Pearson v. Gooch

It is urged that under the statutes (P.S., c. 139) powers of sale contained in mortgages are invalid. More than twenty years ago such powers were held valid (Very v. Russell, 65 N.H. 646) and have ever since been to a considerable extent in use. It is deemed unwise to disturb that judgment now, even if upon a reconsideration of the question a different result might be reached. Possibly the legislature may think it wise to make reasonable regulations for their use, similar to those prescribed in some of the other states where they are in general use.

The rights of the parties therefore depend upon the validity of the sale, under the power in the mortgage. One of the objections urged against it is that the notice of the sale is insufficient. The mortgagee in the exercise of the power of sale acts as a trustee of the mortgagor. Although he has the right to sell the property for the payment of the mortgage debt, all the proceeds of the sale above the amount necessary for that purpose belong to the mortgagor. In the performance of this duty he must exercise good faith and use reasonable diligence to protect the rights of the mortgagor under the terms of the power. He must use reasonable efforts to obtain a fair price for the property, in properly advertising and conducting the sale in those particulars which the contract leaves to his determination. An *Page 210 erroneous statement in the notice of the sale which would naturally mislead the public or deter persons from attending the sale and bidding, renders the sale void. Very v. Russell, 65 N.H. 646; Briggs v. Briggs,135 Mass. 306; Clark v. Simmons, 150 Mass. 357; Hoffman v. Anthony, 6 R.I. 282; Fenner v. Tucker, 6 R.I. 551; Burnet v. Denniston, 5 Johns. Ch. 35; Hubbell v. Sibley, 5 Lans. 51; Equitable Trust Co. v. Fisher,106 Ill. 189; 2 Jones Mort., s. 1852.

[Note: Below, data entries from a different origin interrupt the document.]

(* Let $m\ge n$, $0\le r<n$, $A^1,\dots,A^l\in\mathbb{R}^{m\times n}$, $b\in\mathbb{R}^l$, and let $X\in\mathcal{L}\cap\mathcal{M}(r)$ with $\operatorname{rank}(X)=s$ and SVD $X=U\Sigma V^\top$ as in the context. Then: (i) if Assumption 1 holds at $X$, then $\mathrm{N}^M_{\mathcal{M}(r)}(X)\cap\mathrm{N}_{\mathcal{L}}(X)=\{O\}$; (ii) if Assumption 2 holds at $X$, then for every index set $J\subseteq\{1,\dots,n\}$ with $\Gamma\subseteq J$, $\mathrm{N}_{\mathcal{M}_X(J)}(X)\cap\mathrm{N}_{\mathcal{L}}(X)=\{O\}$, where $\mathcal{M}_X(J)=\{UBV_J^\top:B\in\mathbb{R}^{m\times |J|}\}$ and $\mathrm{N}_{\mathcal{M}_X(J)}(X)=\{W: U^\top WV_J=O\}$ is its orthogonal complement.
   Context: $\langle X,Y\rangle=\sum_{i,j}X_{ij}Y_{ij}$ on $\mathbb{R}^{m\times n}$; $O$ is the zero matrix. $\mathcal{A}(X)=(\langle A^1,X\rangle,\dots,\langle A^l,X\rangle)^\top$, $\mathcal{L}=\{X:\mathcal{A}(X)=b\}$, $\mathcal{M}(r)=\{X:\operatorname{rank}(X)\le r\}$, $\mathrm{N}_{\mathcal{L}}(X)=\{\sum_{i=1}^l y_iA^i: y\in\mathbb{R}^l\}$. SVD convention: $X=U\Sigma V^\top$ with $U$ ($m\times m$) and $V$ ($n\times n$) orthogonal, $\Sigma$ with diagonal $\sigma_1\ge\dots\ge\sigma_s>0$ followed by zeros, $\Gamma=\{1,\dots,s\}$, $\Gamma_m^\perp=\{s+1,\dots,m\}$, $\Gamma_n^\perp=\{s+1,\dots,n\}$; $U_J$, $V_J$ denote column submatrices indexed by $J$. Normal space of the fixed-rank manifold $\mathcal{M}^s=\{X:\operatorname{rank}X=s\}$: $\mathrm{N}_{\mathcal{M}^s}(X)=\{U_{\Gamma_m^\perp}DV_{\Gamma_n^\perp}^\top:D\in\mathbb{R}^{(m-s)\times(n-s)}\}$. Cones: for closed $\Omega$, $X\in\Omega$, $\mathrm{T}^B_\Omega(X)$ is the set of $\Xi$ with $X^k\in\Omega$, $X^k\to X$, $t_k\downarrow0$, $(X^k-X)/t_k\to\Xi$; $\mathrm{N}^F_\Omega(X)$ is its polar $\{Y:\langle Y,\Xi\rangle\le0\ \forall\Xi\in \mathrm{T}^B_\Omega(X)\}$; the Mordukhovich normal cone $\mathrm{N}^M_\Omega(X)$ is the set of limits of sequences $W^k\in\mathrm{N}^F_\Omega(X^k)$ with $X^k\in\Omega$, $X^k\to X$. Define $T^i_X=\begin{bmatrix}U_\Gamma^\top A^iV_\Gamma & U_\Gamma^\top A^iV_{\Gamma_n^\perp}\\ U_{\Gamma_m^\perp}^\top A^iV_\Gamma & O\end{bmatrix}$ and $R^i_X=U^\top A^iV_\Gamma$, $i=1,\dots,l$. Assumption 1 at $X$: $T^1_X,\dots,T^l_X$ are linearly independent. Assumption 2 at $X$: $R^1_X,\dots,R^l_X$ are linearly independent. *)

theory Defs
  imports "HOL-Analysis.Analysis" "Jordan_Normal_Form.DL_Rank" "Jordan_Normal_Form.DL_Submatrix"
begin

text \<open>Matrices are Jordan_Normal_Form matrices (real mat); indices are 0-based,
so the paper's index i corresponds to i-1 here.\<close>

definition frob :: "real mat \<Rightarrow> real mat \<Rightarrow> real" where
  "frob X Y = (\<Sum>i<dim_row X. \<Sum>j<dim_col X. X $$ (i,j) * Y $$ (i,j))"

definition mat_tendsto :: "nat \<Rightarrow> nat \<Rightarrow> (nat \<Rightarrow> real mat) \<Rightarrow> real mat \<Rightarrow> bool" where
  "mat_tendsto m n Xs X \<longleftrightarrow> (\<forall>k. Xs k \<in> carrier_mat m n) \<and> X \<in> carrier_mat m n \<and>
     (\<forall>i<m. \<forall>j<n. (\<lambda>k. Xs k $$ (i,j)) \<longlonglongrightarrow> X $$ (i,j))"

definition bouligand_tangent :: "nat \<Rightarrow> nat \<Rightarrow> real mat set \<Rightarrow> real mat \<Rightarrow> real mat set" where
  "bouligand_tangent m n \<Omega> X = {\<Xi> \<in> carrier_mat m n. \<exists>Xs t.
      (\<forall>k. Xs k \<in> \<Omega>) \<and> mat_tendsto m n Xs X \<and> (\<forall>k. t k > 0) \<and> t \<longlonglongrightarrow> 0 \<and>
      mat_tendsto m n (\<lambda>k. (1 / t k) \<cdot>\<^sub>m (Xs k - X)) \<Xi>}"

definition frechet_normal :: "nat \<Rightarrow> nat \<Rightarrow> real mat set \<Rightarrow> real mat \<Rightarrow> real mat set" where
  "frechet_normal m n \<Omega> X = {Y \<in> carrier_mat m n. \<forall>\<Xi> \<in> bouligand_tangent m n \<Omega> X. frob Y \<Xi> \<le> 0}"

definition mordukhovich_normal :: "nat \<Rightarrow> nat \<Rightarrow> real mat set \<Rightarrow> real mat \<Rightarrow> real mat set" where
  "mordukhovich_normal m n \<Omega> X = {W \<in> carrier_mat m n. \<exists>Xs Ws.
      (\<forall>k. Xs k \<in> \<Omega>) \<and> mat_tendsto m n Xs X \<and>
      (\<forall>k. Ws k \<in> frechet_normal m n \<Omega> (Xs k)) \<and> mat_tendsto m n Ws W}"

definition mrank :: "real mat \<Rightarrow> nat" where
  "mrank X = vec_space.rank (dim_row X) X"

definition low_rank_set :: "nat \<Rightarrow> nat \<Rightarrow> nat \<Rightarrow> real mat set" where
  "low_rank_set m n r = {X \<in> carrier_mat m n. mrank X \<le> r}"

text \<open>Affine set L = {X : A(X) = b}, with A^1..A^l given as A 0 .. A (l-1).\<close>
definition affine_set :: "nat \<Rightarrow> nat \<Rightarrow> nat \<Rightarrow> (nat \<Rightarrow> real mat) \<Rightarrow> (nat \<Rightarrow> real) \<Rightarrow> real mat set" where
  "affine_set m n l A b = {X \<in> carrier_mat m n. \<forall>i<l. frob (A i) X = b i}"

definition normal_L :: "nat \<Rightarrow> nat \<Rightarrow> nat \<Rightarrow> (nat \<Rightarrow> real mat) \<Rightarrow> real mat set" where
  "normal_L m n l A = {W \<in> carrier_mat m n. \<exists>y :: nat \<Rightarrow> real.
      \<forall>p<m. \<forall>q<n. W $$ (p,q) = (\<Sum>i<l. y i * A i $$ (p,q))}"

definition mats_lin_indep :: "nat \<Rightarrow> nat \<Rightarrow> nat \<Rightarrow> (nat \<Rightarrow> real mat) \<Rightarrow> bool" where
  "mats_lin_indep p q l T \<longleftrightarrow> (\<forall>c :: nat \<Rightarrow> real.
      (\<forall>a<p. \<forall>b<q. (\<Sum>i<l. c i * T i $$ (a,b)) = 0) \<longrightarrow> (\<forall>i<l. c i = 0))"

definition cols_sub :: "real mat \<Rightarrow> nat set \<Rightarrow> real mat" where
  "cols_sub M J = submatrix M {0..<dim_row M} J"

text \<open>T^i_X as a 2x2 block matrix, with Gamma = {0..<s}.\<close>
definition T_mat :: "nat \<Rightarrow> nat \<Rightarrow> nat \<Rightarrow> real mat \<Rightarrow> real mat \<Rightarrow> real mat \<Rightarrow> real mat" where
  "T_mat m n s U V Ai = four_block_mat
     (transpose_mat (cols_sub U {0..<s}) * Ai * cols_sub V {0..<s})
     (transpose_mat (cols_sub U {0..<s}) * Ai * cols_sub V {s..<n})
     (transpose_mat (cols_sub U {s..<m}) * Ai * cols_sub V {0..<s})
     (0\<^sub>m (m - s) (n - s))"

definition R_mat :: "nat \<Rightarrow> real mat \<Rightarrow> real mat \<Rightarrow> real mat \<Rightarrow> real mat" where
  "R_mat s U V Ai = transpose_mat U * Ai * cols_sub V {0..<s}"

definition is_svd :: "nat \<Rightarrow> nat \<Rightarrow> nat \<Rightarrow> real mat \<Rightarrow> real mat \<Rightarrow> real mat \<Rightarrow> real mat \<Rightarrow> bool" where
  "is_svd m n s X U S V \<longleftrightarrow>
     U \<in> carrier_mat m m \<and> transpose_mat U * U = 1\<^sub>m m \<and> U * transpose_mat U = 1\<^sub>m m \<and>
     V \<in> carrier_mat n n \<and> transpose_mat V * V = 1\<^sub>m n \<and> V * transpose_mat V = 1\<^sub>m n \<and>
     S \<in> carrier_mat m n \<and> (\<forall>i<m. \<forall>j<n. i \<noteq> j \<longrightarrow> S $$ (i,j) = 0) \<and>
     (\<forall>i<s. S $$ (i,i) > 0) \<and> (\<forall>i. i + 1 < s \<longrightarrow> S $$ (i,i) \<ge> S $$ (i+1,i+1)) \<and>
     (\<forall>i. s \<le> i \<and> i < min m n \<longrightarrow> S $$ (i,i) = 0) \<and>
     X = U * S * transpose_mat V"

definition normal_MXJ :: "nat \<Rightarrow> nat \<Rightarrow> real mat \<Rightarrow> real mat \<Rightarrow> nat set \<Rightarrow> real mat set" where
  "normal_MXJ m n U V J = {W \<in> carrier_mat m n.
      transpose_mat U * W * cols_sub V J = 0\<^sub>m m (card J)}"

end

theory Submission
  imports Defs
begin

(* A Mordukhovich normal W to M(r) at X is a limit of Frechet normals Y at points Z of M(r)
   near X.  Since Z (I + t E) and (I + t E) Z stay in M(r), both Z E and E Z are tangent at Z;
   testing Y against Z (Z^T Y) and (Y Z^T) Z gives |Z^T Y|^2 <= 0 and |Y Z^T|^2 <= 0, and in
   the limit X^T W = 0 and W X^T = 0.  Through the SVD this means U_Gamma^T W = 0 and
   W V_Gamma = 0, so the three nonzero blocks of T_X(W) vanish.  If moreover W = sum_i y_i A^i,
   then T_X(W) = sum_i y_i T^i_X by linearity, and Assumption 1 forces y = 0.  Part (ii) is the
   same argument with R_X: because Gamma is contained in J, U^T W V_J = 0 contains
   U^T W V_Gamma = 0. *)

definition lincomb_mat :: "nat \<Rightarrow> nat \<Rightarrow> nat \<Rightarrow> (nat \<Rightarrow> real) \<Rightarrow> (nat \<Rightarrow> real mat) \<Rightarrow> real mat" where
  "lincomb_mat m n l y A = mat m n (\<lambda>(p,q). \<Sum>i<l. y i * A i $$ (p,q))"

lemma lincomb_mat_carrier [simp]: "lincomb_mat m n l y A \<in> carrier_mat m n"
  unfolding lincomb_mat_def by simp

lemma lincomb_mat_zero_coeffs [simp]: "lincomb_mat m n l (\<lambda>_. 0) A = 0\<^sub>m m n"
  unfolding lincomb_mat_def by auto

lemma lincomb_mat_zero_mats [simp]: "lincomb_mat m n l y (\<lambda>_. 0\<^sub>m m n) = 0\<^sub>m m n"
  unfolding lincomb_mat_def by auto
text \<open>The closed form of the eigenvalue \<open>t\<^sub>m\<^sub>,\<^sub>0(\<lambda>)\<close>; \<open>e\<close> is the sequence of elementary symmetric
  polynomials in the diagonal entries of \<open>K\<^sub>J\<close> other than \<open>k\<^sub>1\<close>.\<close>
definition tm_closed ::
    "nat \<Rightarrow> complex \<Rightarrow> (nat \<Rightarrow> complex) \<Rightarrow> complex \<Rightarrow> (nat \<Rightarrow> complex) \<Rightarrow> nat \<Rightarrow> complex \<Rightarrow> complex" where
  "tm_closed N \<eta> \<xi> k1 e m lam = (\<Prod>j\<in>{1..<m}. site_prod N \<xi> (lam - of_nat j * \<eta>)) *
     (k1 * e (m - 1) * site_prod N \<xi> (lam + \<eta>) + e m * site_prod N \<xi> lam)"

lemma site_prod_0 [simp]: "site_prod 0 \<xi> \<mu> = 1"
  by (simp add: site_prod_def)

lemma site_prod_node: "a \<in> {1..N} \<Longrightarrow> site_prod N \<xi> (\<xi> a) = 0"
  unfolding site_prod_def by (auto intro: prod_zero)

lemma prod_list_rev_upt: "prod_list (map f (rev [1..<N+1])) = (\<Prod>l=1..N. f l :: complex)"
proof -
  have "prod_list (map f (rev [1..<N+1])) = prod_list (map f [1..<N+1])"
    by (simp add: rev_map[symmetric] prod_list.rev)
  also have "\<dots> = prod f (set [1..<N+1])" by (rule prod.distinct_set_conv_list[symmetric]) simp
  also have "set [1..<N+1] = {1..N}" by auto
  finally show ?thesis .
qed

lemma finite_card_subsets: "finite A \<Longrightarrow> finite {S. S \<subseteq> A \<and> card S = k}"
  by (rule finite_subset[of _ "Pow A"]) auto

lemma card_subsets_without_0:
  fixes n m :: nat
  shows "{S. S \<subseteq> {..<n} \<and> card S = m} - {S. 0 \<in> S} = {S. S \<subseteq> {1..<n} \<and> card S = m}"
proof -
  have "S \<subseteq> {1..<n}" if "S \<subseteq> {..<n}" "0 \<notin> S" for S :: "nat set"
  proof
    fix i assume "i \<in> S"
    moreover have "i \<noteq> 0" using \<open>i \<in> S\<close> that(2) by (cases i) auto
    ultimately show "i \<in> {1..<n}" using that(1) by auto
  qed
  thus ?thesis by auto
qed

lemma card_subsets_with_0:
  fixes n m :: nat
  assumes "0 < n" "1 \<le> m"
  shows "{S. S \<subseteq> {..<n} \<and> card S = m} \<inter> {S. 0 \<in> S} = insert 0 ` {S. S \<subseteq> {1..<n} \<and> card S = m - 1}"
proof
  show "{S. S \<subseteq> {..<n} \<and> card S = m} \<inter> {S. 0 \<in> S} \<subseteq> insert 0 ` {S. S \<subseteq> {1..<n} \<and> card S = m - 1}"
  proof
    fix S assume S: "S \<in> {S. S \<subseteq> {..<n} \<and> card S = m} \<inter> {S. 0 \<in> S}"
    have "S \<subseteq> {..<n}" "card S = m" "0 \<in> S" using S by auto
    have "S - {0} \<subseteq> {1..<n}"
    proof
      fix i assume "i \<in> S - {0}"
      thus "i \<in> {1..<n}" using \<open>S \<subseteq> {..<n}\<close> by auto
    qed
    moreover have "card (S - {0}) = m - 1"
      using \<open>S \<subseteq> {..<n}\<close> \<open>card S = m\<close> \<open>0 \<in> S\<close> finite_subset by fastforce
    ultimately show "S \<in> insert 0 ` {S. S \<subseteq> {1..<n} \<and> card S = m - 1}"
      using \<open>0 \<in> S\<close> by (intro image_eqI[of _ _ "S - {0}"]) auto
  qed
  show "insert 0 ` {S. S \<subseteq> {1..<n} \<and> card S = m - 1} \<subseteq> {S. S \<subseteq> {..<n} \<and> card S = m} \<inter> {S. 0 \<in> S}"
  proof
    fix S assume "S \<in> insert 0 ` {S. S \<subseteq> {1..<n} \<and> card S = m - 1}"
    then obtain T where T: "T \<subseteq> {1..<n}" "card T = m - 1" "S = insert 0 T" by auto
    have "finite T" "0 \<notin> T" using T(1) finite_subset by auto
    hence "card S = m" using T(2,3) assms(2) by simp
    moreover have "S \<subseteq> {..<n}" using T(1,3) assms(1) by auto
    ultimately show "S \<in> {S. S \<subseteq> {..<n} \<and> card S = m} \<inter> {S. 0 \<in> S}" using T(3) by simp
  qed
qed

lemma sum_card_subsets_split_0:
  fixes F :: "bool \<Rightarrow> complex"
  assumes n0: "0 < n" and m1: "1 \<le> m"
  shows "(\<Sum>S\<in>{S. S \<subseteq> {..<n} \<and> card S = m}. (\<Prod>i\<in>S. d i) * F (0 \<in> S))
       = d 0 * elem_sym n d (m - 1) * F True + elem_sym n d m * F False"
proof -
  let ?I = "{S. S \<subseteq> {..<n} \<and> card S = m}" and ?I1 = "{S. S \<subseteq> {1..<n} \<and> card S = m - 1}"
  let ?f = "\<lambda>S. (\<Prod>i\<in>S. d i) * F (0 \<in> S)"
  have inj: "inj_on (insert 0) ?I1"
  proof (rule inj_onI)
    fix S T assume "S \<in> ?I1" "T \<in> ?I1" and "insert 0 S = insert 0 T"
    moreover have "0 \<notin> S" "0 \<notin> T" using calculation(1,2) by auto
    ultimately show "S = T" by (metis Diff_insert_absorb)
  qed
  have "sum ?f ?I = sum ?f (?I \<inter> {S. 0 \<in> S}) + sum ?f (?I - {S. 0 \<in> S})"
    by (rule sum.Int_Diff) (simp add: finite_card_subsets)
  also have "sum ?f (?I \<inter> {S. 0 \<in> S}) = (\<Sum>T\<in>?I1. d 0 * (\<Prod>i\<in>T. d i) * F True)"
  proof -
    have "sum ?f (?I \<inter> {S. 0 \<in> S}) = sum (?f \<circ> insert 0) ?I1"
      unfolding card_subsets_with_0[OF n0 m1] by (rule sum.reindex[OF inj])
    also have "\<dots> = (\<Sum>T\<in>?I1. d 0 * (\<Prod>i\<in>T. d i) * F True)"
    proof (rule sum.cong[OF refl])
      fix T assume "T \<in> ?I1"
      hence "finite T" "0 \<notin> T" using finite_subset[of T "{1..<n}"] by auto
      thus "(?f \<circ> insert 0) T = d 0 * (\<Prod>i\<in>T. d i) * F True" by simp
    qed
    finally show ?thesis .
  qed
  also have "sum ?f (?I - {S. 0 \<in> S}) = elem_sym n d m * F False"
    unfolding card_subsets_without_0 elem_sym_def sum_distrib_right
  proof (rule sum.cong[OF refl])
    fix S assume "S \<in> {S. S \<subseteq> {1..<n} \<and> card S = m}"
    hence "0 \<notin> S" by auto
    thus "?f S = (\<Prod>i\<in>S. d i) * F False" by simp
  qed
  finally show ?thesis
    by (simp add: elem_sym_def sum_distrib_left sum_distrib_right mult.assoc)
qed

lemma elem_sym_0 [simp]: "elem_sym n d 0 = 1"
proof -
  have "{S. S \<subseteq> {1..<n} \<and> card S = 0} = {{}}"
  proof
    show "{S. S \<subseteq> {1..<n} \<and> card S = 0} \<subseteq> {{}}"
      using finite_subset[of _ "{1..<n}"] by fastforce
  qed auto
  thus ?thesis unfolding elem_sym_def by simp
qed

lemma elem_sym_1: "elem_sym n d 1 = (\<Sum>i\<in>{1..<n}. d i)"
proof -
  have "{S. S \<subseteq> {1..<n} \<and> card S = 1} = (\<lambda>i. {i}) ` {1..<n}" by (auto simp: card_Suc_eq)
  thus ?thesis unfolding elem_sym_def by (simp add: sum.reindex inj_on_def)
qed

lemma elem_sym_top: "elem_sym n d (n - 1) = (\<Prod>i\<in>{1..<n}. d i)"
proof -
  have "{S. S \<subseteq> {1..<n} \<and> card S = n - 1} = {{1..<n}}"
  proof
    show "{S. S \<subseteq> {1..<n} \<and> card S = n - 1} \<subseteq> {{1..<n}}"
    proof
      fix S assume S: "S \<in> {S. S \<subseteq> {1..<n} \<and> card S = n - 1}"
      have "S = {1..<n}" by (rule card_subset_eq) (use S in auto)
      thus "S \<in> {{1..<n}}" by simp
    qed
  qed auto
  thus ?thesis unfolding elem_sym_def by simp
qed

lemma elem_sym_beyond: "0 < n \<Longrightarrow> elem_sym n d n = 0"
proof -
  assume n0: "0 < n"
  have e: "{S. S \<subseteq> {1..<n} \<and> card S = n} = {}"
  proof (rule ccontr)
    assume "{S. S \<subseteq> {1..<n} \<and> card S = n} \<noteq> {}"
    then obtain S where "S \<subseteq> {1..<n}" "card S = n" by auto
    moreover have "card S \<le> card {1..<n}" by (rule card_mono) (use calculation in auto)
    ultimately show False using n0 by simp
  qed
  show ?thesis unfolding elem_sym_def e by simp
qed

lemma Tm_diag_vac_trace:
  assumes n0: "0 < n" and m1: "1 \<le> m"
  shows "(\<Sum>a\<in>cfgs n m. fused_diag n d \<eta> \<xi> N m lam (a @ replicate N 0) (a @ replicate N 0))
       = tm_closed N \<eta> \<xi> (d 0) (elem_sym n d) m lam"
proof -
  let ?C = "\<Prod>j\<in>{1..<m}. site_prod N \<xi> (lam - of_nat j * \<eta>)"
  let ?F = "\<lambda>b. if b then site_prod N \<xi> (lam + \<eta>) else site_prod N \<xi> lam"
  have C: "(\<Prod>l\<leftarrow>rev [1..<N+1]. \<Prod>j\<in>{1..<m}. (lam - \<xi> l) - of_nat j * \<eta>) = ?C"
    unfolding prod_list_rev_upt site_prod_def by (subst prod.swap) (simp add: algebra_simps)
  have F: "(\<Prod>l\<leftarrow>rev [1..<N+1]. (lam - \<xi> l) + \<eta> * of_nat (zero_count a)) = ?F (0 \<in> set a)"
    if "distinct a" for a
    unfolding prod_list_rev_upt site_prod_def zero_count_distinct[OF that] by (simp add: algebra_simps)
  have "(\<Sum>a\<in>cfgs n m. fused_diag n d \<eta> \<xi> N m lam (a @ replicate N 0) (a @ replicate N 0))
      = (\<Sum>a\<in>cfgs n m. ((\<Prod>j\<leftarrow>[0..<m]. d (a ! j)) * (?C *
          (\<Prod>l\<leftarrow>rev [1..<N+1]. (lam - \<xi> l) + \<eta> * of_nat (zero_count a)))) * antisym m a a)"
    unfolding fused_diag_vac_trace[OF n0 m1] C by (simp only: mult.assoc)
  also have "\<dots> = (\<Sum>S\<in>{S. S \<subseteq> {..<n} \<and> card S = m}. (\<Prod>i\<in>S. d i) * (?C * ?F (0 \<in> S)))"
  proof (rule sum_antisym_diag_subsets)
    fix a assume a: "a \<in> cfgs n m" and d: "distinct a"
    show "(\<Prod>j\<leftarrow>[0..<m]. d (a ! j)) * (?C * (\<Prod>l\<leftarrow>rev [1..<N+1]. (lam - \<xi> l) + \<eta> * of_nat (zero_count a)))
        = (\<Prod>i\<in>set a. d i) * (?C * ?F (0 \<in> set a))"
      by (simp only: prod_distinct_nth[OF d cfgs_len[OF a]] F[OF d])
  qed
  also have "\<dots> = ?C * (\<Sum>S\<in>{S. S \<subseteq> {..<n} \<and> card S = m}. (\<Prod>i\<in>S. d i) * ?F (0 \<in> S))"
    by (simp add: sum_distrib_left mult.left_commute)
  also have "\<dots> = ?C * (d 0 * elem_sym n d (m - 1) * ?F True + elem_sym n d m * ?F False)"
    using sum_card_subsets_split_0[OF n0 m1, of d ?F] by simp
  finally show ?thesis unfolding tm_closed_def by simp
qed

section \<open>Triangularisation of the twist\<close>

lemma mat_trace_mult_comm:
  assumes "A \<in> carrier_mat n n" "B \<in> carrier_mat n n"
  shows "mat_trace (A * B) = mat_trace (B * A)"
proof -
  have tr: "mat_trace (X * Y) = (\<Sum>i<n. \<Sum>k<n. X $$ (i, k) * Y $$ (k, i))"
    if X: "X \<in> carrier_mat n n" and Y: "Y \<in> carrier_mat n n" for X Y :: "complex mat"
  proof -
    have "(X * Y) $$ (i, i) = (\<Sum>k<n. X $$ (i, k) * Y $$ (k, i))" if "i < n" for i
      by (rule mat_mult_entry[OF X Y that that])
    thus ?thesis unfolding mat_trace_def using X by simp
  qed
  show ?thesis unfolding tr[OF assms] tr[OF assms(2,1)] by (subst sum.swap) (simp add: mult.commute)
qed

lemma eigen_unit_vec_diag_entry:
  fixes A :: "'a :: semiring_1 mat"
  assumes A: "A \<in> carrier_mat n n" and i: "i < n" and eig: "A *\<^sub>v unit_vec n i = k \<cdot>\<^sub>v unit_vec n i"
  shows "k = A $$ (i, i)"
proof -
  have "(A *\<^sub>v unit_vec n i) $ i = row A i \<bullet> unit_vec n i" using A i by (simp add: index_mult_mat_vec)
  also have "\<dots> = row A i $ i" using i by (rule scalar_prod_right_unit)
  also have "\<dots> = A $$ (i, i)" using A i by (intro index_row(1)) auto
  finally show ?thesis using eig i by simp
qed

lemma jordan_matrix_upper:
  assumes "jordan_matrix n_as \<in> carrier_mat n n" "i < n" "j < i"
  shows "jordan_matrix n_as $$ (i, j) = 0"
proof -
  have "sum_list (map fst n_as) = n" using assms(1) jordan_matrix_dim(1)[of n_as] by auto
  thus ?thesis using assms(2,3) by (intro jordan_matrix_upper_triangular) auto
qed

locale jordan_twist =
  fixes n :: nat and K KJ W V :: "complex mat"
  assumes n_pos: "0 < n" and K: "K \<in> carrier_mat n n"
    and sim: "similar_mat_wit K KJ W V"
    and upper: "\<And>i j. i < n \<Longrightarrow> j < n \<Longrightarrow> j < i \<Longrightarrow> KJ $$ (i, j) = 0"
begin

lemma carriers: "KJ \<in> carrier_mat n n" "W \<in> carrier_mat n n" "V \<in> carrier_mat n n"
  and W_V: "W * V = 1\<^sub>m n" and V_W: "V * W = 1\<^sub>m n" and K_eq: "K = W * KJ * V"
  using similar_mat_witD2[OF K sim] by auto

lemma K_W: "K * W = W * KJ"
proof -
  have "K * W = (W * KJ) * (V * W)"
    unfolding K_eq by (rule assoc_mult_mat[of "W * KJ" n n V n W n]) (use carriers in simp_all)
  also have "\<dots> = W * KJ" using V_W carriers by simp
  finally show ?thesis .
qed

abbreviation esym :: "nat \<Rightarrow> complex" where
  "esym \<equiv> elem_sym n (\<lambda>i. KJ $$ (i, i))"

lemma Tm_vac_eigen:
  assumes m: "1 \<le> m" and x: "x \<in> cfgs n N"
  shows "op_app n N (Tm n K \<eta> \<xi> N m lam) (op_app n N (tensor_op W) vac) x
       = tm_closed N \<eta> \<xi> (KJ $$ (0, 0)) esym m lam * op_app n N (tensor_op W) vac x"
proof -
  let ?t = "\<Sum>a\<in>cfgs n m. fused_diag n (\<lambda>i. KJ $$ (i, i)) \<eta> \<xi> N m lam (a @ replicate N 0) (a @ replicate N 0)"
  have "op_app n N (Tm n K \<eta> \<xi> N m lam) (op_app n N (tensor_op W) vac) x
      = op_app n N (tensor_op W) (op_app n N (Tm n KJ \<eta> \<xi> N m lam) vac) x"
    by (rule Tm_tensor_conj[OF carriers(2,3) W_V V_W K carriers(1) K_W x])
  also have "\<dots> = ?t * op_app n N (tensor_op W) vac x"
    unfolding op_app_def[of n N "tensor_op W"] sum_distrib_left
    by (rule sum.cong[OF refl]) (simp add: Tm_vac_weight_diag[OF upper refl n_pos] algebra_simps)
  also have "?t = tm_closed N \<eta> \<xi> (KJ $$ (0, 0)) esym m lam"
    by (rule Tm_diag_vac_trace[OF n_pos m])
  finally show ?thesis .
qed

The advertisement of the sale stated that the premises would be sold "subject to any and all unpaid taxes, . . . liens, and incumbrances which may be entitled to precedence over said mortgage, if any such there be." The notice, taken in connection with the fact that prior mortgages to the amount of $6,000 which had been paid appeared by the records to be still subsisting upon the property, would naturally convey the impression that the premises were to be sold on the $7,000 mortgage, subject to the other mortgages of $6,000, and that the full amount of the mortgage claims then in force amounted to $13,000. This was calculated to mislead and deceive the public and prevent would-be purchasers from attending the sale and bidding.

The fact that at the sale, upon inquiry being made, it was stated that the $6,000 mortgage claims had been paid, does not remove the objection. It was then too late to correct the erroneous impression of the notice upon any who may have been thereby prevented from attending the sale. It cannot be presumed that the notice did not have the effect it was naturally calculated to produce and influence purchasers not to attend the sale. For this reason the sale was irregular and void. The result reached renders it unnecessary to consider the other questions raised. The exceptions are sustained, and there must be a

Decree for the plaintiff.

CHASE, J., did not sit: the others concurred.